CMSC 472/672: Computer Vision


Instructor: Tejas Gokhale (OH: Wednesday 2:30 PM - 3:30 PM or by appointment; ITE 214);
Teaching Assistant: TBD ;
Time: Monday and Wednesday 4:00pm - 5:15pm
Location: ITE 229


Course Description | Schedule | Grading | Syllabus

Course description

This course will offer a comprehensive introduction to the field of computer vision which has the broad goal of understanding visual signals (images and videos) for low/mid/high-level perceptual tasks. This course will introduce fundamental principles and concepts for developing computer vision systems such as image formation, acquisition, and processing, stereo and 3D vision, machine learning algorithms and neural networks for image understanding.

Prerequisites: We will assume that you have a basic (but solid) expertise in linear algebra, geometry, probability, and Python programming.
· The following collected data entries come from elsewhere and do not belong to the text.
(* For every positive integer $\gamma$ there exists a tree $T$ with domination number $\gamma$ such that $\Gamma(T)>\frac{2}{5}\sqrt5^{\,\gamma}$.
   Context: For a graph $G$, a set $D\subseteq V(G)$ is dominating if every vertex of $G$ lies in $D$ or has a neighbour in $D$. The domination number $\gamma(G)$ is the minimum size of a dominating set; $\Gamma(G)$ denotes the number of dominating sets of $G$ of size $\gamma(G)$. *)

theory Defs
  imports Complex_Main
begin

definition simple_graph :: "'a set \<Rightarrow> 'a set set \<Rightarrow> bool" where
  "simple_graph V E \<longleftrightarrow> finite V \<and> (\<forall>e\<in>E. e \<subseteq> V \<and> card e = 2)"

definition adj :: "'a set set \<Rightarrow> 'a \<Rightarrow> 'a \<Rightarrow> bool" where
  "adj E u v \<longleftrightarrow> {u, v} \<in> E"

definition walk :: "'a set \<Rightarrow> 'a set set \<Rightarrow> 'a list \<Rightarrow> bool" where
  "walk V E xs \<longleftrightarrow> xs \<noteq> [] \<and> set xs \<subseteq> V \<and>
     (\<forall>i. Suc i < length xs \<longrightarrow> adj E (xs ! i) (xs ! Suc i))"

definition connected_graph :: "'a set \<Rightarrow> 'a set set \<Rightarrow> bool" where
  "connected_graph V E \<longleftrightarrow>
     (\<forall>u\<in>V. \<forall>v\<in>V. \<exists>xs. walk V E xs \<and> hd xs = u \<and> last xs = v)"

definition is_cycle :: "'a set \<Rightarrow> 'a set set \<Rightarrow> 'a list \<Rightarrow> bool" where
  "is_cycle V E xs \<longleftrightarrow> length xs \<ge> 3 \<and> distinct xs \<and> walk V E xs \<and>
     adj E (last xs) (hd xs)"

definition acyclic_graph :: "'a set \<Rightarrow> 'a set set \<Rightarrow> bool" where
  "acyclic_graph V E \<longleftrightarrow> (\<nexists>xs. is_cycle V E xs)"

definition is_tree :: "'a set \<Rightarrow> 'a set set \<Rightarrow> bool" where
  "is_tree V E \<longleftrightarrow> simple_graph V E \<and> V \<noteq> {} \<and> connected_graph V E \<and> acyclic_graph V E"

definition dominating :: "'a set \<Rightarrow> 'a set set \<Rightarrow> 'a set \<Rightarrow> bool" where
  "dominating V E D \<longleftrightarrow> D \<subseteq> V \<and> (\<forall>v\<in>V. v \<in> D \<or> (\<exists>u\<in>D. adj E v u))"

definition domination_number :: "'a set \<Rightarrow> 'a set set \<Rightarrow> nat" where
  "domination_number V E = (LEAST k. \<exists>D. dominating V E D \<and> card D = k)"

definition num_min_dominating :: "'a set \<Rightarrow> 'a set set \<Rightarrow> nat" where
  "num_min_dominating V E =
     card {D. dominating V E D \<and> card D = domination_number V E}"

end

theory Submission
  imports Defs
begin

(*
  Hang pendant trees from the root r of a tree and count, instead of dominating sets, the sets of
  minimum size that dominate every vertex except r. If all of them contain r, this property
  survives hanging a tree T from r by an edge to a vertex x of T, and the new count is the old
  one times the number of minimum sets dominating T - x, while the sizes add. The star K_{1,2}
  rooted at its centre (size 1, one set) with k paths P_5 hung by an end (size 2, five sets each)
  is a tree with domination number 2k + 1 and 5^k minimum dominating sets; one more pendant tree
  on 7 vertices (size 3, eleven sets) gives 2k + 4 and 11 * 5^k, and P_4 covers the value 2.
  Finally 5^k > (2/5) sqrt 5^(2k+1) and 11 * 5^k > 10 * 5^k = (2/5) sqrt 5^(2k+4).
*)

lemma adj_commute: "adj E u v = adj E v u"
  by (simp add: adj_def insert_commute)

lemma walk_mono: "walk V E xs \<Longrightarrow> V \<subseteq> V' \<Longrightarrow> E \<subseteq> E' \<Longrightarrow> walk V' E' xs"
  by (auto simp: walk_def adj_def)

lemma walk_Cons:
  assumes "walk V E xs" "v \<in> V" "adj E v (hd xs)"
  shows "walk V E (v # xs)"
  using assms by (auto simp: walk_def hd_conv_nth nth_Cons split: nat.split)

lemma walk_rev:
  assumes "walk V E xs"
  shows "walk V E (rev xs)"
  unfolding walk_def
proof (intro conjI allI impI)
  show "rev xs \<noteq> []" "set (rev xs) \<subseteq> V" using assms by (auto simp: walk_def)
  fix i assume i: "Suc i < length (rev xs)"
  define j where "j = length xs - Suc (Suc i)"
  have "Suc j < length xs" "Suc j = length xs - Suc i" using i by (auto simp: j_def)
  then have "adj E (xs ! j) (xs ! (length xs - Suc i))" using assms by (metis walk_def)
  then show "adj E (rev xs ! i) (rev xs ! Suc i)"
    using i by (simp add: rev_nth j_def adj_commute)
qed
(* There exists $m_1>0$ with the following property. Let $f$ be a solution of $\frac{f''}{1+(f')^2}=\left(\frac r2-\frac{n-1}{r}\right)f'-\frac f2$ with $f(\sqrt{2(n-1)})>0$, and suppose $f'(r)>0$ and $f''(r)<0$ for all $r<\sqrt{2(n-1)}$ in its domain. Then $f(r)<0$ whenever $r<m_1$ and $f(r)$ is defined.
   Context: $n\ge2$ is a fixed integer; $f$ is a real function of $r>0$ defined on an interval containing $\sqrt{2(n-1)}$. *)

theory Defs
  imports "HOL-Analysis.Analysis"
begin

definition solves_ode :: "nat \<Rightarrow> real set \<Rightarrow> (real \<Rightarrow> real) \<Rightarrow> (real \<Rightarrow> real) \<Rightarrow> (real \<Rightarrow> real) \<Rightarrow> bool" where
  "solves_ode n I f f1 f2 \<longleftrightarrow>
     (\<forall>r\<in>I. (f has_real_derivative f1 r) (at r) \<and> (f1 has_real_derivative f2 r) (at r) \<and>
        f2 r / (1 + (f1 r)\<^sup>2) = (r / 2 - (real n - 1) / r) * f1 r - f r / 2)"

end

theory Submission
  imports Defs
begin

text \<open>Multiplying the equation by the weight \<open>w(r) = r^(n-1) e^(-r\<^sup>2/4)\<close> puts it in
  divergence form: the flux \<open>S = w f'/\<surd>(1 + f'\<^sup>2)\<close> satisfies \<open>S' = - w f / (2 \<surd>(1 + f'\<^sup>2))\<close>.
  Suppose \<open>f(a) \<ge> 0\<close> for some small \<open>a > 0\<close>. Since \<open>f' > 0\<close> before \<open>c = \<surd>(2(n-1))\<close>, \<open>f\<close> is
  nonnegative and increasing on \<open>[a, c)\<close>, so \<open>S\<close> decreases there and \<open>S(a) \<le> w(a) \<le> a\<close> is small.
  On \<open>[c/2, 3c/4]\<close> the weight is bounded below, which forces \<open>f'\<close> to be small and
  \<open>S' \<le> - w f(c/2)/4\<close>; positivity of \<open>S(3c/4)\<close> then gives \<open>f(c/2) \<le> C S(a)\<close>. Consequently \<open>S\<close>
  stays above \<open>S(a)/2\<close> on a fixed interval \<open>[a, \<rho>]\<close>, so \<open>f' \<ge> S(a)/(2r)\<close> there and \<open>f\<close> gains
  at least \<open>S(a)/2 \<cdot> ln(\<rho>/a)\<close>, which exceeds \<open>f(c/2)\<close> once \<open>a < \<rho> e^(-2C)\<close>.\<close>

definition weight :: "nat \<Rightarrow> real \<Rightarrow> real" where
  "weight n x = x ^ (n - 1) * exp (- (x\<^sup>2) / 4)"

definition slope_sine :: "real \<Rightarrow> real" where
  "slope_sine t = t / sqrt (1 + t\<^sup>2)"

definition flux :: "nat \<Rightarrow> (real \<Rightarrow> real) \<Rightarrow> real \<Rightarrow> real" where
  "flux n g x = weight n x * slope_sine (g x)"

lemma one_plus_square_pos [simp]: "0 < 1 + (t::real)\<^sup>2"
  by (simp add: add_pos_nonneg)

lemma one_plus_square_neq_zero [simp]: "1 + (t::real)\<^sup>2 \<noteq> 0"
  using one_plus_square_pos[of t] by linarith

lemma slope_sine_pos_iff [simp]: "0 < slope_sine t \<longleftrightarrow> 0 < t"
  by (simp add: slope_sine_def pos_less_divide_eq)

lemma slope_sine_le_1: "slope_sine t \<le> 1"
proof -
  have "t \<le> sqrt (1 + t\<^sup>2)"
    using real_sqrt_le_mono[of "t\<^sup>2" "1 + t\<^sup>2"] by (simp add: real_le_rsqrt)
  then show ?thesis by (simp add: slope_sine_def)
qed

lemma slope_sine_le_self:
  assumes "0 \<le> t"
  shows "slope_sine t \<le> t"
proof -
  have "t * 1 \<le> t * sqrt (1 + t\<^sup>2)"
    using assms by (intro mult_left_mono) auto
  then show ?thesis by (simp add: slope_sine_def divide_le_eq)
qed

lemma sqrt_one_plus_square_lt_2:
  assumes "0 \<le> t" and "slope_sine t < 1/2"
  shows "sqrt (1 + t\<^sup>2) < 2"
proof -
  have "2 * t < sqrt (1 + t\<^sup>2)"
    using assms(2) by (simp add: slope_sine_def field_simps)
  then have "(2 * t)\<^sup>2 < (sqrt (1 + t\<^sup>2))\<^sup>2"
    using assms(1) by (intro power_strict_mono) auto
  then have "1 + t\<^sup>2 < 2\<^sup>2" by simp
  then show ?thesis by (rule real_less_lsqrt[rotated]) simp
qed

lemma slope_sine_has_real_derivative:
  "(slope_sine has_real_derivative 1 / sqrt (1 + t\<^sup>2) ^ 3) (at t)"
proof -
  define q where "q = sqrt (1 + t\<^sup>2)"
  have q_pos: "0 < q" and q_sq: "q * q = 1 + t\<^sup>2"
    by (simp_all add: q_def)
  have "((\<lambda>t. sqrt (1 + t\<^sup>2)) has_real_derivative inverse q / 2 * (2 * t)) (at t)"
    unfolding q_def by (intro DERIV_chain2[OF DERIV_real_sqrt] derivative_eq_intros refl) auto
  then have "((\<lambda>t. t / sqrt (1 + t\<^sup>2)) has_real_derivative
      (1 * q - t * (inverse q / 2 * (2 * t))) / (q * q)) (at t)"
    using q_pos unfolding q_def by (intro DERIV_divide DERIV_ident) auto
  moreover have "(1 * q - t * (inverse q / 2 * (2 * t))) / (q * q) = 1 / q ^ 3"
    using q_pos q_sq by (simp add: field_simps power2_eq_square power3_eq_cube)
  ultimately show ?thesis by (simp add: slope_sine_def[abs_def] q_def)
qed

lemma weight_pos: "0 < x \<Longrightarrow> 0 < weight n x"
  by (simp add: weight_def)

lemma weight_le_self:
  assumes "2 \<le> n" and "0 < x" and "x \<le> 1"
  shows "weight n x \<le> x"
proof -
  have "weight n x \<le> x ^ (n - 1)"
    using assms(2) by (simp add: weight_def mult_left_le_one_le)
  also have "\<dots> \<le> x ^ 1"
    using assms by (intro power_decreasing) auto
  finally show ?thesis by simp
qed

definition weight_floor :: "nat \<Rightarrow> real \<Rightarrow> real" where
  "weight_floor n c = (c / 2) ^ (n - 1) * exp (- (c\<^sup>2) / 4)"

lemma weight_floor_pos: "0 < c \<Longrightarrow> 0 < weight_floor n c"
  by (simp add: weight_floor_def)

lemma weight_floor_le_weight:
  assumes "0 < c" and "c / 2 \<le> x" and "x \<le> c"
  shows "weight_floor n c \<le> weight n x"
  unfolding weight_floor_def weight_def
  using assms by (intro mult_mono power_mono) auto

lemma weight_has_real_derivative:
  assumes "1 \<le> n" and "0 < x"
  shows "(weight n has_real_derivative weight n x * ((real n - 1) / x - x / 2)) (at x)"
proof -
  have "real (n - 1) * x ^ (n - 1 - 1) = x ^ (n - 1) * ((real n - 1) / x)"
  proof (cases "n = 1")
    case False
    then obtain k where "n = k + 2"
      using assms(1) by (intro that[of "n - 2"]) simp
    then show ?thesis using assms(2) by (simp add: field_simps)
  qed simp
  then show ?thesis
    unfolding weight_def[abs_def]
    by (auto intro!: derivative_eq_intros simp: algebra_simps)
qed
Recommended classes at UMBC are: MATH 221 (Linear Algebra), STAT 355 or CMPE 320 (Probability and Statistics), MATH 151 (Calculus and Analytical Geometry). If you are unfamiliar with linear algebra or calculus, you should consider taking both: without these tools, you are likely to struggle with the course. Although we will provide brief math refreshers of these necessary topics, CMSC 491/691 should not be your first introduction to these topics.
We understand that some students may have had some prior exposure to signal/image/audio processing, computer graphics, machine learning, neural networks etc. However, none of these are pre-requisites -- the class is designed to be self-contained.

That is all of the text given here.